Existing policies could also be hit by the changes despite assurance that policies on risk before 6 December will remain unaffected. Industry experts have confirmed that if policyholders increase the sum assured or extend the term, the life policy would no longer qualify for tax relief after the Budget. This could affect as many as 100,000 - the number of people estimated to have bought PTA since A-Day.

So who will have to pay for this? While consumers stand to lose out on tax relief, the greatest losers in the PTA drama will be advisers, providers and the industry as a whole. Providers - as they have spent an enormous amount of time and revenue to promote their new offerings and will have to continue to so as not to cause a mis-selling scandal by not updating their clients and literature (one provider has estimated that it will cost it around £200,000 for it to do so). IFAs - as they have to try to get their heads around all the changes while at the same time reassuring their clients. Worst of all, however, is the fact that this will have detrimental effects on the industry, not only sowing confusion for customers but creating distrust in the sector overall, making the industry look incompetent.

Recovery

The sad thing is that instead of focusing on bridging the £2.3trn protection gap, the protection industry will now have to spend a considerable amount of effort to recover from the hangover of the PTA party that, in the end, only lasted eight months. All this trouble simply because the Government is not able to decide whether it is in or out.

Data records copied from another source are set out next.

(* Let $\theta_T=\sqrt{4T^{-1}\log\mu(V)}$. For any nonempty starting set $S_0\subseteq V$, any integer $T\geq 1$ and any constant $c>0$, the volume-biased evolving set process $(S_t)$ started from $S_0$ satisfies \[ \widehat{\mathbf P}_{S_0}\Big[\min_{0\le j<T}\phi(S_j)\leq \sqrt{c}\,\theta_T\Big] \geq 1-\frac1c. \]
   Context: Let $G=(V,E)$ be a finite simple undirected graph in which every vertex has positive degree $d(x)$. For $S\subseteq V$, $\mu(S)=\sum_{x\in S}d(x)$, $\partial(S)$ is the number of edges with exactly one endpoint in $S$, and $\phi(S)=\partial(S)/\mu(S)$. $\log$ is the natural logarithm. The lazy random walk has transition kernel $p(x,y)=1/(2d(x))$ if $\{x,y\}\in E$, $p(x,x)=1/2$, and $0$ otherwise; $p(x,S)=\sum_{y\in S}p(x,y)$. The evolving set process (ESP): from state $S$, pick $U$ uniform on $[0,1]$ and move to $\{y: p(y,S)\geq U\}$; $K(S,S')$ denotes its transition kernel. The volume-biased ESP is the Markov chain on nonempty subsets with kernel $\widehat K(S,S')=\frac{\mu(S')}{\mu(S)}K(S,S')$; $\widehat{\mathbf P}_{S_0}$ denotes its law started at $S_0$. *)

theory Defs
  imports "HOL-Analysis.Analysis"
begin

definition simple_graph :: "'a set \<Rightarrow> ('a \<Rightarrow> 'a \<Rightarrow> bool) \<Rightarrow> bool" where
  "simple_graph V E \<longleftrightarrow> finite V \<and> (\<forall>x y. E x y \<longrightarrow> x \<in> V \<and> y \<in> V)
     \<and> (\<forall>x y. E x y \<longrightarrow> E y x) \<and> (\<forall>x. \<not> E x x)"
theorem lemma4p2:
  fixes X :: "'a topology"
    and AP :: "('a \<Rightarrow> 'k::real_normed_field) set"
    and domT :: "'m \<Rightarrow> ('a \<Rightarrow> 'k) set"
    and Tm :: "'m \<Rightarrow> ('a \<Rightarrow> 'k) \<Rightarrow> ('w \<Rightarrow> 'k)"
    and \<omega> :: "'m \<Rightarrow> 'w set"
    and \<nu> :: "'j \<Rightarrow> 'm \<Rightarrow> 'w \<Rightarrow> real"
    and T :: "('a \<Rightarrow> 'k) \<Rightarrow> ('a \<Rightarrow> 'k)"
  assumes "Hausdorff_space X"
    and "FV_framework AP domT Tm \<omega> \<nu>"
    and "dom_space X AP domT Tm \<omega> \<nu>"
    and "lin_map_into_on (FV_space AP domT Tm \<omega> \<nu>) (topspace X) T"
    and "\<forall>f\<in>FV_space AP domT Tm \<omega> \<nu>. T f \<in> C_space X"
    and "(kR_space X \<and> continuous_map (FV_topology AP domT Tm \<omega> \<nu>) (CW_topology X) T)
       \<or> ((\<forall>f\<in>FV_space AP domT Tm \<omega> \<nu>. T f \<in> Cb_space X) \<and>
          continuous_map (FV_topology AP domT Tm \<omega> \<nu>) (Cb_topology X) T)"
  shows "(\<forall>x\<in>topspace X. (\<lambda>f. T f x) \<in> FV_dual AP domT Tm \<omega> \<nu>) \<and>
         continuous_map X (FV_dual_gamma AP domT Tm \<omega> \<nu>) (\<lambda>x f. T f x)"
  using assms(6)
proof (elim disjE conjE)
  assume "kR_space X" "continuous_map (FV_topology AP domT Tm \<omega> \<nu>) (CW_topology X) T"
  then show ?thesis by (rule continuous_map_FV_dual_gamma_of_CW[OF assms(2,4,5)])
next
  assume "continuous_map (FV_topology AP domT Tm \<omega> \<nu>) (Cb_topology X) T"
  then show ?thesis by (rule continuous_map_FV_dual_gamma_of_Cb[OF assms(2,4,5)])
qed

end
lemma less_count_ge_iff: "decr r \<Longrightarrow> j < count_ge w r \<longleftrightarrow> j < length r \<and> w \<le> r ! j"
proof (induction r arbitrary: j)
  case Nil
  then show ?case by (simp add: count_ge_def)
next
  case (Cons a r)
  then have IH: "j < count_ge w r \<longleftrightarrow> j < length r \<and> w \<le> r ! j" for j
    by (simp add: decr_Cons)
  have le_a: "(a # r) ! j \<le> a" if "j < length (a # r)" for j
    using Cons.prems that by (cases j) (auto simp: decr_Cons)
  show ?case
  proof (cases "w \<le> a")
    case True
    then show ?thesis using IH by (cases j) (auto simp: count_ge_def)
  next
    case False
    then have "count_ge w (a # r) = 0"
      using Cons.prems by (auto simp: count_ge_def decr_Cons filter_empty_conv)
    then show ?thesis using False le_a[of j] by auto
  qed
qed

lemma count_ge_le_length: "count_ge w r \<le> length r"
  by (simp add: count_ge_def)

lemma count_ge_antimono: "w \<le> w' \<Longrightarrow> count_ge w' r \<le> count_ge w r"
  unfolding count_ge_def by (induction r) auto

lemma count_ge_Suc_0: "\<forall>a\<in>set r. 0 < a \<Longrightarrow> count_ge (Suc 0) r = length r"
  unfolding count_ge_def by (induction r) auto

lemma count_ge_eqI:
  assumes "decr r" "k \<le> length r" "\<And>j. j < length r \<Longrightarrow> j < k \<longleftrightarrow> w \<le> r ! j"
  shows "count_ge w r = k"
proof -
  have "j < count_ge w r \<longleftrightarrow> j < k" for j
    using less_count_ge_iff[OF assms(1)] assms(2,3) by (cases "j < length r") auto
  then show ?thesis by (metis less_irrefl nat_neq_iff)
qed

lemma count_ge_less_length_iff:
  assumes r: "decr r"
  shows "count_ge x r < length r \<longleftrightarrow> (\<exists>y\<in>set r. y < x)"
proof
  assume "count_ge x r < length r"
  then show "\<exists>y\<in>set r. y < x"
    using less_count_ge_iff[OF r, of "count_ge x r" x] nth_mem by (meson less_irrefl not_le)
next
  assume "\<exists>y\<in>set r. y < x"
  then obtain j where "j < length r" "r ! j < x" by (auto simp: in_set_conv_nth)
  then show "count_ge x r < length r"
    using less_count_ge_iff[OF r, of j x] count_ge_le_length[of x r] by linarith
qed

definition bump :: "nat list \<Rightarrow> nat \<Rightarrow> nat list \<times> nat option" where
  "bump r x = (if \<exists>y\<in>set r. y < x
      then (let k = (LEAST k. k < length r \<and> r ! k < x) in (r[k := x], Some (r ! k)))
      else (r @ [x], None))"

lemma row_ins_Cons_bump:
  "row_ins (r # rs) x = (case bump r x of (r', None) \<Rightarrow> r' # rs | (r', Some y) \<Rightarrow> r' # row_ins rs y)"
  by (simp add: bump_def Let_def)

lemma bump_eq:
  assumes r: "decr r"
  shows "bump r x = (if count_ge x r < length r
    then (r[count_ge x r := x], Some (r ! count_ge x r)) else (r @ [x], None))"
proof (cases "count_ge x r < length r")
  case True
  have "(LEAST k. k < length r \<and> r ! k < x) = count_ge x r"
  proof (rule Least_equality)
    show "count_ge x r < length r \<and> r ! count_ge x r < x"
      using True less_count_ge_iff[OF r, of "count_ge x r" x] by auto
    show "\<And>k. k < length r \<and> r ! k < x \<Longrightarrow> count_ge x r \<le> k"
      using less_count_ge_iff[OF r] by (meson leI not_le)
  qed
  then show ?thesis using True count_ge_less_length_iff[OF r] by (simp add: bump_def Let_def)
next
  case False
  then show ?thesis using count_ge_less_length_iff[OF r] by (simp add: bump_def)
qed

lemma fst_bump_nth:
  assumes "decr r" "k = count_ge x r"
  shows "length (fst (bump r x)) = max (length r) (Suc k)"
    and "j < length (fst (bump r x)) \<Longrightarrow> fst (bump r x) ! j = (if j = k then x else r ! j)"
  using assms count_ge_le_length[of x r]
  by (auto simp: bump_eq nth_append nth_list_update)

lemma decr_bump: "decr r \<Longrightarrow> decr (fst (bump r x))"
proof (rule decrI)
  fix i j
  assume r: "decr r" and ij: "i < j" "j < length (fst (bump r x))"
  define k where "k = count_ge x r"
  have below: "i < k \<longleftrightarrow> x \<le> r ! i" if "i < length r" for i
    using less_count_ge_iff[OF r] that k_def by auto
  have "k \<le> length r" using count_ge_le_length k_def by simp
  moreover have "i < length r" using ij fst_bump_nth(1)[OF r k_def] calculation by auto
  ultimately show "fst (bump r x) ! j \<le> fst (bump r x) ! i"
    using ij fst_bump_nth[OF r k_def] below[of i] below[of j] decr_nth[OF r, of i j]
    by (auto split: if_splits)
qed

lemma set_bump: "decr r \<Longrightarrow> set (fst (bump r x)) \<union> set_option (snd (bump r x)) \<subseteq> insert x (set r)"
  using set_update_subset_insert[of r "count_ge x r" x] by (auto simp: bump_eq)

definition bump_step :: "nat list \<times> nat list \<Rightarrow> nat \<Rightarrow> nat list \<times> nat list" where
  "bump_step = (\<lambda>(c, ys) x. case bump c x of (c', None) \<Rightarrow> (c', ys) | (c', Some y) \<Rightarrow> (c', ys @ [y]))"

definition bump_seq :: "nat list \<Rightarrow> nat list \<Rightarrow> nat list \<times> nat list" where
  "bump_seq r xs = foldl bump_step (r, []) xs"

lemma bump_seq_Nil [simp]: "bump_seq r [] = (r, [])"
  by (simp add: bump_seq_def)

lemma bump_seq_snoc: "bump_seq r (xs @ [x]) = bump_step (bump_seq r xs) x"
  by (simp add: bump_seq_def)

lemma bump_step_eq:
  "decr c \<Longrightarrow> bump_step (c, ys) x = (if count_ge x c < length c
     then (c[count_ge x c := x], ys @ [c ! count_ge x c]) else (c @ [x], ys))"
  by (simp add: bump_step_def bump_eq)

lemma fst_bump_step: "fst (bump_step st x) = fst (bump (fst st) x)"
  by (auto simp: bump_step_def split: prod.splits option.splits)

lemma foldl_row_ins_Cons:
  "foldl row_ins (r # rs) xs = fst (bump_seq r xs) # foldl row_ins rs (snd (bump_seq r xs))"
proof (induction xs rule: rev_induct)
  case (snoc x xs)
  obtain c ys where "bump_seq r xs = (c, ys)" by fastforce
  with snoc show ?case
    by (cases "bump c x") (auto simp: bump_seq_snoc bump_step_def row_ins_Cons_bump
        simp del: row_ins.simps split: option.splits)
qed simp

lemma decr_bump_seq: "decr r \<Longrightarrow> decr (fst (bump_seq r xs))"
  by (induction xs rule: rev_induct) (auto simp: bump_seq_snoc fst_bump_step decr_bump)

lemma set_bump_seq:
  "decr r \<Longrightarrow> set (fst (bump_seq r xs)) \<union> set (snd (bump_seq r xs)) \<subseteq> set r \<union> set xs"
proof (induction xs rule: rev_induct)
  case (snoc x xs)
  obtain c ys where cy: "bump_seq r xs = (c, ys)" by fastforce
  have "decr c" using decr_bump_seq[OF snoc.prems, of xs] cy by simp
  then have "set (fst (bump c x)) \<union> set_option (snd (bump c x)) \<subseteq> insert x (set c)"
    by (rule set_bump)
  then show ?case using snoc cy
    by (cases "bump c x") (auto simp: bump_seq_snoc bump_step_def split: option.splits)
qed simp

lemma bumped_entry_bounds:
  assumes c: "decr c" and "z \<in> set c" "z < x"
  shows "count_ge x c < length c" and "z \<le> c ! count_ge x c" and "c ! count_ge x c < x"
proof -
  show lt: "count_ge x c < length c" using assms count_ge_less_length_iff by blast
  obtain j where j: "j < length c" "c ! j = z" using assms(2) by (auto simp: in_set_conv_nth)
  then have "count_ge x c \<le> j" using less_count_ge_iff[OF c, of j x] \<open>z < x\<close> by auto
  then show "z \<le> c ! count_ge x c" using decr_nth[OF c] j by blast
  show "c ! count_ge x c < x" using less_count_ge_iff[OF c, of "count_ge x c" x] lt by auto
qed
(* Assume $\inf_{x\in X}\mu(B_x(1/2))>0$. If $T\in\mathscr{E}(X)$ is a controlled operator, $\xi$ is a coarse filter on $X$, and $\lim_{x\to\xi}\|\mathbf{1}_{B_x(1)}T\|=0$, then $T\in\mathscr{J}_\xi(X)$.
   Context: $(X,d)$ is a non-compact proper metric space, $B_x(r)=\{y:d(x,y)\le r\}$, and $\mu$ is a Radon measure with support $X$ such that $\mu(B_x(r))>0$ and $\sup_x\mu(B_x(r))<\infty$ for all $r>0$. On $L^2(X,\mu)$, $\mathbf{1}_A$ is multiplication by the characteristic function of measurable $A$. An operator $T$ is controlled if there is $r>0$ such that $\mathbf{1}_FT\mathbf{1}_G=0$ for all closed $F,G$ with $d(F,G)>r$. A kernel $k$ on $X\times X$ is controlled if $k(x,y)=0$ whenever $d(x,y)>r$ for some $r$; $\mathscr{E}(X)$ is the norm closure of the operators $(Op(k)f)(x)=\int k(x,y)f(y)d\mu(y)$, $k$ bounded, uniformly continuous and controlled. For a filter $\xi$, $\lim_{x\to\xi}f(x)=0$ means $\{x:|f(x)|<\varepsilon\}\in\xi$ for all $\varepsilon>0$. With $F^{(r)}=\{x:\inf_{y\notin F}d(x,y)>r\}$, $\xi$ is coarse if $F\in\xi\Rightarrow F^{(r)}\in\xi$ for all $r>0$. $\mathscr{J}_\xi(X)=\{T\in\mathscr{E}(X):\inf_F\|\mathbf{1}_FT\|=0\}$, infimum over measurable $F\in\xi$. *)

theory Defs
  imports "HOL-Analysis.Analysis"
begin
(* Let $n\ge2$ be an integer, $t\in(0,1/2]$ and $\lambda>0$. Then $$\big(t+(1-t)\lambda^{1-n}\big)\big(t+(1-t)\lambda\big)^{n-1}-1\ge\frac{t}{8}\log^2(\lambda).$$ *)

theory Defs
  imports Complex_Main
begin

end

theory Submission
  imports Defs "HOL-Analysis.Analysis"
begin

text \<open>
  Put \<open>m = n - 1\<close>, \<open>A = t + (1 - t) l\<close> and \<open>q = A / l = (1 - t) + t / l\<close>. The left-hand
  product equals \<open>t A\<^sup>m + (1 - t) q\<^sup>m\<close>, which by convexity of \<open>x\<^sup>m\<close> is at least
  \<open>(t A + (1 - t) q)\<^sup>m = (1 + c)\<^sup>m \<ge> 1 + c\<close> with \<open>c = t (1 - t) (l + 1/l - 2)\<close>.
  Finally \<open>l + 1/l - 2 = 4 sinh\<^sup>2(ln l / 2) \<ge> (ln l)\<^sup>2\<close> and \<open>1 - t \<ge> 1/2\<close>.
\<close>

lemma convex_on_power_nonneg: "convex_on {0::real..} (\<lambda>x. x ^ n)"
  by (cases "even n")
     (auto intro: convex_on_subset[OF convex_power_even] convex_power_odd)

lemma ln_squared_le:
  fixes l :: real
  assumes "l > 0"
  shows "(ln l)\<^sup>2 \<le> l + 1 / l - 2"
proof -
  define y where "y = ln l / 2"
  have l_eq: "exp y * exp y = l"
    using assms by (simp add: y_def flip: exp_add)
  have "\<bar>y\<bar> \<le> \<bar>(exp y - inverse (exp y)) / 2\<bar>"
    by (rule real_le_abs_sinh)
  then have "y\<^sup>2 \<le> ((exp y - inverse (exp y)) / 2)\<^sup>2"
    by (metis abs_ge_zero power2_abs power_mono)
  also have "\<dots> = (exp y * exp y + 1 / (exp y * exp y) - 2) / 4"
    by (simp add: field_simps power2_eq_square)
  finally show ?thesis
    using l_eq by (simp add: y_def power_divide)
qed

lemma mixture_power_ge:
  fixes t l :: real and m :: nat
  assumes "0 \<le> t" "t \<le> 1" "l > 0" "m \<ge> 1"
  shows "(t + (1 - t) / l ^ m) * (t + (1 - t) * l) ^ m \<ge> 1 + t * (1 - t) * (l + 1 / l - 2)"
proof -
  define A where "A = t + (1 - t) * l"
  define q where "q = A / l"
  define c where "c = t * (1 - t) * (l + 1 / l - 2)"
  have "A > 0"
    using assms by (cases "t = 0") (auto simp: A_def intro: add_pos_nonneg)
  then have "q > 0"
    using assms by (simp add: q_def)
  have "0 \<le> l + 1 / l - 2"
    using ln_squared_le[OF \<open>l > 0\<close>] by (meson order_trans zero_le_power2)
  then have "c \<ge> 0"
    using assms by (simp add: c_def)
  have mean: "t * A + (1 - t) * q = 1 + c"
    using assms by (simp add: A_def q_def c_def field_simps)
  have "1 + c \<le> (1 + c) ^ m"
    using power_increasing[of 1 m "1 + c"] \<open>c \<ge> 0\<close> assms by simp
  also have "\<dots> \<le> t * A ^ m + (1 - t) * q ^ m"
    using convex_onD[OF convex_on_power_nonneg, of t q A] assms \<open>A > 0\<close> \<open>q > 0\<close> mean
    by (simp add: add.commute)
  also have "\<dots> = (t + (1 - t) / l ^ m) * A ^ m"
    using assms by (simp add: q_def field_simps)
  finally show ?thesis
    by (simp add: A_def c_def)
qed

theorem mainTheorem16:
  fixes n :: nat and t l :: real
  assumes "n \<ge> 2" and "0 < t" and "t \<le> 1/2" and "l > 0"
  shows "(t + (1 - t) * l powr (1 - real n)) * (t + (1 - t) * l) ^ (n - 1) - 1
           \<ge> t / 8 * (ln l)^2"
proof -
  have "1 - real n = - real (n - 1)"
    using assms by simp
  then have powr_eq: "l powr (1 - real n) = 1 / l ^ (n - 1)"
    using assms by (simp only: powr_minus_divide powr_realpow)
  have "t / 8 * (ln l)\<^sup>2 \<le> t * (1 - t) * (ln l)\<^sup>2"
    using assms by (intro mult_right_mono) auto
  also have "\<dots> \<le> t * (1 - t) * (l + 1 / l - 2)"
    using assms ln_squared_le[OF \<open>l > 0\<close>] by (intro mult_left_mono) auto
  also have "\<dots> \<le> (t + (1 - t) / l ^ (n - 1)) * (t + (1 - t) * l) ^ (n - 1) - 1"
    using mixture_power_ge[of t l "n - 1"] assms by fastforce
  finally show ?thesis
    by (simp add: powr_eq)
qed

end
lemma Reach_eq_0:
  assumes "graph_pres val" and "s \<notin> reaching_fin" and "s \<noteq> fin"
  shows "Reach val s = 0"
proof -
  have "reach_n val n s = 0" if "s \<notin> reaching_fin" "s \<noteq> fin" for n s
    using that
  proof (induction n arbitrary: s)
    case (Suc n)
    have "reach_n val n t = 0" if "t \<in> succs E s" and "s \<notin> {fin, fail}" for t
    proof (rule Suc.IH)
      have "(s, t) \<in> E" using that by (simp add: succs_def)
      moreover have "(s, fin) \<notin> E\<^sup>*" using Suc.prems that(2) by (simp add: reaching_fin_def)
      ultimately have "(t, fin) \<notin> E\<^sup>*" by (meson converse_rtrancl_into_rtrancl)
      then show "t \<notin> reaching_fin" "t \<noteq> fin" by (auto simp: reaching_fin_def)
    qed
    then show ?case using Suc.prems by auto
  qed simp
  then have "(\<lambda>n. reach_n val n s) = (\<lambda>n. 0)"
    using assms(2,3) by simp
  then show ?thesis
    using reach_n_tendsto_Reach[OF assms(1), of s] by (simp add: LIMSEQ_const_iff)
qed

lemma Reach_unfold:
  assumes "graph_pres val" and "s \<in> S - {fin, fail}"
  shows "Reach val s = (\<Sum>t\<in>succs E s. val s t * Reach val t)"
proof -
  have "(\<lambda>n. reach_n val (Suc n) s) \<longlonglongrightarrow> Reach val s"
    using LIMSEQ_Suc[OF reach_n_tendsto_Reach[OF assms(1)]] .
  moreover have "(\<lambda>n. reach_n val (Suc n) s) \<longlonglongrightarrow> (\<Sum>t\<in>succs E s. val s t * Reach val t)"
    using assms(2) by (simp, intro tendsto_sum tendsto_mult tendsto_const reach_n_tendsto_Reach[OF assms(1)])
  ultimately show ?thesis using LIMSEQ_unique by blast
qed

lemma trans_prob_nonneg: "graph_pres val \<Longrightarrow> 0 \<le> trans_prob val s t"
  using graph_pres_pos[of val s t] by (cases "(s, t) \<in> E") (auto simp: trans_prob_def)

lemma sum_trans_prob_mult: "(\<Sum>t\<in>S. trans_prob val s t * f t) = (\<Sum>t\<in>succs E s. val s t * f t)"
  by (rule sum.mono_neutral_cong_right[OF finite_S succs_subset])
     (auto simp: trans_prob_def succs_def)

lemma sum_trans_prob: "graph_pres val \<Longrightarrow> s \<in> S - {fin, fail} \<Longrightarrow> (\<Sum>t\<in>S. trans_prob val s t) = 1"
  using sum_trans_prob_mult[of val s "\<lambda>_. 1"] graph_pres_sum by simp

lemma Reach_reaching_fin:
  assumes "graph_pres val" and "s \<in> reaching_fin"
  shows "Reach val s = (\<Sum>t\<in>reaching_fin. trans_prob val s t * Reach val t) + trans_prob val s fin"
proof -
  have "Reach val s = (\<Sum>t\<in>S. trans_prob val s t * Reach val t)"
    using Reach_unfold[OF assms(1)] assms(2) reaching_fin_subset by (auto simp: sum_trans_prob_mult)
  also have "\<dots> = (\<Sum>t\<in>insert fin reaching_fin. trans_prob val s t * Reach val t)"
    by (rule sum.mono_neutral_right[OF finite_S])
       (use reaching_fin_subset fin_in Reach_eq_0[OF assms(1)] in auto)
  also have "\<dots> = (\<Sum>t\<in>reaching_fin. trans_prob val s t * Reach val t) + trans_prob val s fin"
    using finite_reaching_fin fin_notin_reaching_fin Reach_fin[OF assms(1)] by simp
  finally show ?thesis .
qed
(* Let $X=\mathbb T^2=\mathbb R^2/\mathbb Z^2$ with Haar measure $\mu$, and let $\rho_t(v)=tv$ for $v\in\mathbb R^2$, $t\in\mathbb R$. There exists a function $\phi\colon(0,1)\to\mathbb R^2$ such that for every $x_0\in\mathbb T^2$, the family of measures $(\mu_t)_{t\ge0}$ defined by $\int_Xf\,d\mu_t=\int_0^1 f(t\phi(u)+x_0)\,du$ for $f\in C(X)$ is weakly equidistributed but not equidistributed on $X$.
   Context: A family $(\mu_t)_{t\ge0}$ of probability measures on $X$ is equidistributed if $\int f\,d\mu_t\to\int f\,d\mu$ as $t\to\infty$ for all $f\in C(X)$; it is weakly equidistributed if there is a set $A\subset[0,\infty)$ with $\lim_{T\to\infty}\lambda(A\cap[0,T])/T=1$ ($\lambda$ Lebesgue measure) such that $\int f\,d\mu_t\to\int f\,d\mu$ as $t\to\infty$ with $t\in A$, for all $f\in C(X)$. *)

theory Defs
  imports "HOL-Analysis.Analysis"
begin

text \<open>The torus T^2 = R^2/Z^2. A continuous function on T^2 is represented by a
continuous Z^2-periodic function on R^2; points of T^2 by representatives in R^2.\<close>

definition torus_fun :: "(real^2 \<Rightarrow> real) \<Rightarrow> bool" where
  "torus_fun f \<longleftrightarrow> continuous_on UNIV f \<and>
     (\<forall>v k. (\<forall>i. k $ i \<in> \<int>) \<longrightarrow> f (v + k) = f v)"

text \<open>Integral against the Haar (Lebesgue probability) measure of T^2,
computed over the fundamental domain [0,1]^2.\<close>
definition haar_int :: "(real^2 \<Rightarrow> real) \<Rightarrow> real" where
  "haar_int f = integral (cbox 0 One) f"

As COVER went to press, the Association of British Insurers and other organisations were in talks with the HMRC so more light could be shed on the situation with pipeline cases in the near future. Latest speculation is that pipeline policies could be treated as existing business.

Looking at PTA overall, there are suggestions the Government may decide to keep tax relief but link it with pensions. This would turn the focus back on the debate of whether PTA should be sold by pension experts, seeing the industry back at square one - again.